═══ Dataset extract

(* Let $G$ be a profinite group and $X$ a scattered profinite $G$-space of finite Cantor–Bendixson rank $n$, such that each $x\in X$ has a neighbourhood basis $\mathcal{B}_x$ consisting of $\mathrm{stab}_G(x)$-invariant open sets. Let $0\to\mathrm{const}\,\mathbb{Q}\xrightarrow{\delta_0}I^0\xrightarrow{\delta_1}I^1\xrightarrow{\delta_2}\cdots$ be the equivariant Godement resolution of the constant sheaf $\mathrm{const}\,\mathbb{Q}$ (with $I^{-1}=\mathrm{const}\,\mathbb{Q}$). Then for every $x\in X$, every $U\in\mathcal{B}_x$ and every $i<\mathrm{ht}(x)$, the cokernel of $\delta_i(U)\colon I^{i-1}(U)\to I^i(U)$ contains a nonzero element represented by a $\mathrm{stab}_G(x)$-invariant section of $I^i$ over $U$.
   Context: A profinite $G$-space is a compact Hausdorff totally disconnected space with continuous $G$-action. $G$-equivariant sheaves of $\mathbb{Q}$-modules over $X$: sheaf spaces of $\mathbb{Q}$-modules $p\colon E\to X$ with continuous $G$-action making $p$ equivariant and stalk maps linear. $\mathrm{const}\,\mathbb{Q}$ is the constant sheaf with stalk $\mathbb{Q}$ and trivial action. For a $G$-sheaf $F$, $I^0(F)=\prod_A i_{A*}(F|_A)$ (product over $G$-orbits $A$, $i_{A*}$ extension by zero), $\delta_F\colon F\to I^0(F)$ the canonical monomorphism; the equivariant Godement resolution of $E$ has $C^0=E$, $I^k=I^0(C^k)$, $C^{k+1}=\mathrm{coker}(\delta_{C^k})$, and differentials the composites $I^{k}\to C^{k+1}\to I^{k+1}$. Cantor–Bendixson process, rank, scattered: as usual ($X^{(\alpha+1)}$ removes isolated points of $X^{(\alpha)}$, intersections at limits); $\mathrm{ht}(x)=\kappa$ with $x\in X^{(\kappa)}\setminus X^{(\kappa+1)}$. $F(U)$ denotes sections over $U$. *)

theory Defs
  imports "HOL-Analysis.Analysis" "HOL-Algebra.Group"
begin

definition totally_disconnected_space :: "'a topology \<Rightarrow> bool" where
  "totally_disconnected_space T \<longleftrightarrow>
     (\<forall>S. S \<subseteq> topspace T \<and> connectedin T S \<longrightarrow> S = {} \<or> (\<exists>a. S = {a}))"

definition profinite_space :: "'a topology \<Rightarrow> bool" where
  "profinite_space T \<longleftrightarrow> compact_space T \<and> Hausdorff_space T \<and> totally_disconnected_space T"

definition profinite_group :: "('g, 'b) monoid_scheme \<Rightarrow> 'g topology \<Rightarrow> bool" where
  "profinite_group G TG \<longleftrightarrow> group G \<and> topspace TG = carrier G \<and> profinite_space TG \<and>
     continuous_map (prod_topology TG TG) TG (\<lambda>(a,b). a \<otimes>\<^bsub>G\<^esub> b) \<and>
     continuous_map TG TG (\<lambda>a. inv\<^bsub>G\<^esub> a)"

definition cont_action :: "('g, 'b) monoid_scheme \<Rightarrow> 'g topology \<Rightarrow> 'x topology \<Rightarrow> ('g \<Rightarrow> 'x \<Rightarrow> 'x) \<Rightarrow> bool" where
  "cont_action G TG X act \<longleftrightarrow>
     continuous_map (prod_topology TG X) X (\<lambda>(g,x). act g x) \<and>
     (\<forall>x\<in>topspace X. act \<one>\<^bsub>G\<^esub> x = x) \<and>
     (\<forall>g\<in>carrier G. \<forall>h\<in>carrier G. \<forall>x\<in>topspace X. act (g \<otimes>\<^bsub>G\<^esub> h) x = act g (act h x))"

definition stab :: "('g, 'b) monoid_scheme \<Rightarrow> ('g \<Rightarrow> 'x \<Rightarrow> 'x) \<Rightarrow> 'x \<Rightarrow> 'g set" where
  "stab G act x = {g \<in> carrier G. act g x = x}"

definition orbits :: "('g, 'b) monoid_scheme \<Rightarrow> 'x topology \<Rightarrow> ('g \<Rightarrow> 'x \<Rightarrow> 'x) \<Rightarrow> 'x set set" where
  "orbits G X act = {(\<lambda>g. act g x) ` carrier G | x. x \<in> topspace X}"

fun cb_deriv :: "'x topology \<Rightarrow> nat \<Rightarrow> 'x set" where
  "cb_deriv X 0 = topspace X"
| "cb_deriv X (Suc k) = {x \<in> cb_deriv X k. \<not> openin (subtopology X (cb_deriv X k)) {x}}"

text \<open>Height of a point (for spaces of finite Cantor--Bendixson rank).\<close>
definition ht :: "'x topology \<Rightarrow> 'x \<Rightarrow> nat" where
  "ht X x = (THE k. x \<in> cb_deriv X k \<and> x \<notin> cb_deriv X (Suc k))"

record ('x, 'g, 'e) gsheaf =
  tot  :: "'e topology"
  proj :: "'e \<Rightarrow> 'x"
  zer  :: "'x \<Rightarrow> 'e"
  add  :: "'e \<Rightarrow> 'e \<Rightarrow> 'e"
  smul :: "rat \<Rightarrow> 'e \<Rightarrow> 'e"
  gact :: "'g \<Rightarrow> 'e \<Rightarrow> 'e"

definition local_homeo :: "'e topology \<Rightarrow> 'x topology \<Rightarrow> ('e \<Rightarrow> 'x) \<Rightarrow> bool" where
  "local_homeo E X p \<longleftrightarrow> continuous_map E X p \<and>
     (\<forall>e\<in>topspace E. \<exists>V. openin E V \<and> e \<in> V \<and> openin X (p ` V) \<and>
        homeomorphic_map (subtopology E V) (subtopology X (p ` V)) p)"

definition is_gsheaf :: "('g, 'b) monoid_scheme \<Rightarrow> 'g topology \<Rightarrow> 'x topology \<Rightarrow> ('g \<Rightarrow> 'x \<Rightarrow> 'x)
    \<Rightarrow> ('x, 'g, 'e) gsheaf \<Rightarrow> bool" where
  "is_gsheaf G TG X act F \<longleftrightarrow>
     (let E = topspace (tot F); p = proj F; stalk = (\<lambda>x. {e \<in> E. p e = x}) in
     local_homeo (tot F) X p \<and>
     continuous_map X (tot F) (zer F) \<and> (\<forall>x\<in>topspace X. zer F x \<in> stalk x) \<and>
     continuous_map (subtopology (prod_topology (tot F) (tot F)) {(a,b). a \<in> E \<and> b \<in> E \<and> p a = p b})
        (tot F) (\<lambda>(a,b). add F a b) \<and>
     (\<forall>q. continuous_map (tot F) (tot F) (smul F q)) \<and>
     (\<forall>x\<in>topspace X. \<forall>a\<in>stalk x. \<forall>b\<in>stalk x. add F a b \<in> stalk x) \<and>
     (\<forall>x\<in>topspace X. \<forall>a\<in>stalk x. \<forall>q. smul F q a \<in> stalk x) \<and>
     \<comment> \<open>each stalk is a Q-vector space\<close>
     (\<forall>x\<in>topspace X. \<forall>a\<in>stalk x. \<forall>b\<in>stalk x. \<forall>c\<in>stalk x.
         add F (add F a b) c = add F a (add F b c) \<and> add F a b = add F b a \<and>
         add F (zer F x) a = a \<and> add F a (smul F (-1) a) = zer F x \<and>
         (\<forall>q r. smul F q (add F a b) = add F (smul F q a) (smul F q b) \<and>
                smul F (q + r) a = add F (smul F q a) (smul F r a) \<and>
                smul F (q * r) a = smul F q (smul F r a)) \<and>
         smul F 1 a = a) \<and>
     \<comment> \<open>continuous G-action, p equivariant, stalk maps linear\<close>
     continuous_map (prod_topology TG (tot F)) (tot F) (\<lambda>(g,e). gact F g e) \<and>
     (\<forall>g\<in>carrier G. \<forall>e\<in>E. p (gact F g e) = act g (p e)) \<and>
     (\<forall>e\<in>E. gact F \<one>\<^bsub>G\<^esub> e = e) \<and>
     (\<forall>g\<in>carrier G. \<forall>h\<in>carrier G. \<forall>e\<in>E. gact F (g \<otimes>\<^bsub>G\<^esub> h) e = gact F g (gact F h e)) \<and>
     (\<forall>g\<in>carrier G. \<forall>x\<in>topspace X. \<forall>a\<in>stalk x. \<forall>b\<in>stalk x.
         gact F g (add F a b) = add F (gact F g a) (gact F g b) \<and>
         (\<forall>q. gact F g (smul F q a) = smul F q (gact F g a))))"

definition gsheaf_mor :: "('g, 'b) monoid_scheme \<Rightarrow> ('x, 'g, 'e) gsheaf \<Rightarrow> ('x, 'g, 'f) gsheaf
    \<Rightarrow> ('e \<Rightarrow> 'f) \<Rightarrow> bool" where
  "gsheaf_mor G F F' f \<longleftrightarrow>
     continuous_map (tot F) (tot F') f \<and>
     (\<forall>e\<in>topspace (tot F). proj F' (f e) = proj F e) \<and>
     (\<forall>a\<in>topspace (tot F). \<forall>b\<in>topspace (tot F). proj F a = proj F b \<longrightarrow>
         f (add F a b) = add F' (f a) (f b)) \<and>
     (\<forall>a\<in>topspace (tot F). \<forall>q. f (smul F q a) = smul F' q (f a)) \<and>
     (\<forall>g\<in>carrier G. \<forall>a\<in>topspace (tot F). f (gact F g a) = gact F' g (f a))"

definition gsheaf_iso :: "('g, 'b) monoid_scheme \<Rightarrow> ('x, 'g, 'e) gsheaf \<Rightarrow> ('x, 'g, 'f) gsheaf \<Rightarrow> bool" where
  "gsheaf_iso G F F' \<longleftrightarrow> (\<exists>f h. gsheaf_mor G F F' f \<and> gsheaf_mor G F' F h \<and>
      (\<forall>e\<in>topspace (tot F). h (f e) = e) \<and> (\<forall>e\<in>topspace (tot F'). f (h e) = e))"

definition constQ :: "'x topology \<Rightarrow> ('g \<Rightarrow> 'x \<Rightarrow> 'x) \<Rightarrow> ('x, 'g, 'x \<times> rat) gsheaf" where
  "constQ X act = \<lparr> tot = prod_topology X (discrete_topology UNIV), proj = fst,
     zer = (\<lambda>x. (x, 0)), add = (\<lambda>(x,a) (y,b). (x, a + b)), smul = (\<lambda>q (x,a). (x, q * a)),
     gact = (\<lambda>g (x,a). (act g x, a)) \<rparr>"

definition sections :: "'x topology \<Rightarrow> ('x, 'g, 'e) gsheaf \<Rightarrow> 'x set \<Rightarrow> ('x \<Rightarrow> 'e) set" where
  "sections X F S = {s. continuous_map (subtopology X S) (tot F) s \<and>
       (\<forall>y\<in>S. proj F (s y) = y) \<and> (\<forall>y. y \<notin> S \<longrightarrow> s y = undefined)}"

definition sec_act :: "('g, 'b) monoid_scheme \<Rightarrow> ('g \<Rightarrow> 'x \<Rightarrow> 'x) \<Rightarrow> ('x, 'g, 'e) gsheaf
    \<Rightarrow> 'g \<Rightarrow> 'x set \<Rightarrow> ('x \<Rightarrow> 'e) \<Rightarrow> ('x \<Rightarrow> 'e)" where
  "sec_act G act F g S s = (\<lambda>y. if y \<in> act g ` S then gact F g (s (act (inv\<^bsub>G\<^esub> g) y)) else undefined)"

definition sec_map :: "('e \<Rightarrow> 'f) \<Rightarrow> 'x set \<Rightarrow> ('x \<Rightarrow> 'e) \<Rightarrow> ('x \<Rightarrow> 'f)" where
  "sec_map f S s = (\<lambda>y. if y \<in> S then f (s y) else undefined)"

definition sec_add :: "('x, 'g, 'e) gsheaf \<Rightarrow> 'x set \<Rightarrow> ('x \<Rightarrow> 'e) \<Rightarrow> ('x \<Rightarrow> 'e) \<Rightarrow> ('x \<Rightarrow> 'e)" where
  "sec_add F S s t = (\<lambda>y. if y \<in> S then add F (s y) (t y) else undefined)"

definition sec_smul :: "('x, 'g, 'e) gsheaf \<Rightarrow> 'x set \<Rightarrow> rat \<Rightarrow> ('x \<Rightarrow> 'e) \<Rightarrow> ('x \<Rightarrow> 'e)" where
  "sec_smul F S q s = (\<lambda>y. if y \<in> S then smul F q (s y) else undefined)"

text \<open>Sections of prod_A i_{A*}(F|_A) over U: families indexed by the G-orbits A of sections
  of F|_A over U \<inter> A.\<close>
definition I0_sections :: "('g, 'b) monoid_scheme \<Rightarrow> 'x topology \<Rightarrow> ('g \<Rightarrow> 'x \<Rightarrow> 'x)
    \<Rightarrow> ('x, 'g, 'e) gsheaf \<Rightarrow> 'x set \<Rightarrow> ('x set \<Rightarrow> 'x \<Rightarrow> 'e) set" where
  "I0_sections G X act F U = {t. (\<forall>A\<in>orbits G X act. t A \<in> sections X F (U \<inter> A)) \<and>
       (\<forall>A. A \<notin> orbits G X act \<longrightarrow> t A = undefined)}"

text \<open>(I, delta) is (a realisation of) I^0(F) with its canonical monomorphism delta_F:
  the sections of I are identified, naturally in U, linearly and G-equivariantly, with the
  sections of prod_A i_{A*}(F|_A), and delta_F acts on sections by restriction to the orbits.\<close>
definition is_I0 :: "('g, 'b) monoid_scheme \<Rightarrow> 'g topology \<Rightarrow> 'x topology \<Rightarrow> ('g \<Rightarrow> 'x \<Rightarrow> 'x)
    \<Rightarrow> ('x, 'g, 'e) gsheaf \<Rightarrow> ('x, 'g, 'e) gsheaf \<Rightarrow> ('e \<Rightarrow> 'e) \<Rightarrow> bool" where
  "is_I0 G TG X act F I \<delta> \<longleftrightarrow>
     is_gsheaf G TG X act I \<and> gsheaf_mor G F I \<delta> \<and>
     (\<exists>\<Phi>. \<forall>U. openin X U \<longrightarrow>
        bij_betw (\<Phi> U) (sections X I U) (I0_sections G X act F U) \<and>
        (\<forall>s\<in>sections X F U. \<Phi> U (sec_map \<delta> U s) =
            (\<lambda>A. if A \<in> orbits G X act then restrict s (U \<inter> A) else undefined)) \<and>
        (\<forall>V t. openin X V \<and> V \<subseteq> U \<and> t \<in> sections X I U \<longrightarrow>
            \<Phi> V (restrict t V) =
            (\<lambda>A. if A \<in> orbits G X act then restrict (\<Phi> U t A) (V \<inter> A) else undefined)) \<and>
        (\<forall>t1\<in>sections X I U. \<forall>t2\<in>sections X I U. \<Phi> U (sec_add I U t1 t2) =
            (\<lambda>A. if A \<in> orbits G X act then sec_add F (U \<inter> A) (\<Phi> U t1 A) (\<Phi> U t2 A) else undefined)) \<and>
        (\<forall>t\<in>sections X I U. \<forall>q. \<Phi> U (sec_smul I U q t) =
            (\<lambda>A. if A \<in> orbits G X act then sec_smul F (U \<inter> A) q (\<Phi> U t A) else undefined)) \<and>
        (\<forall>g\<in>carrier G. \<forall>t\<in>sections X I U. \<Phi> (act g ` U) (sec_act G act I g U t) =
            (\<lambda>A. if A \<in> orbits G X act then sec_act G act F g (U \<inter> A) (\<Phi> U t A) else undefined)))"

══════

Copy, exactly and only, the lines above that begin with the one containing "carrier G. act" and finish with the one containing "cb_deriv X k.".

• _Answer to this exercise_:
  "stab G act x = {g \<in> carrier G. act g x = x}"

definition orbits :: "('g, 'b) monoid_scheme \<Rightarrow> 'x topology \<Rightarrow> ('g \<Rightarrow> 'x \<Rightarrow> 'x) \<Rightarrow> 'x set set" where
  "orbits G X act = {(\<lambda>g. act g x) ` carrier G | x. x \<in> topspace X}"

fun cb_deriv :: "'x topology \<Rightarrow> nat \<Rightarrow> 'x set" where
  "cb_deriv X 0 = topspace X"
| "cb_deriv X (Suc k) = {x \<in> cb_deriv X k. \<not> openin (subtopology X (cb_deriv X k)) {x}}"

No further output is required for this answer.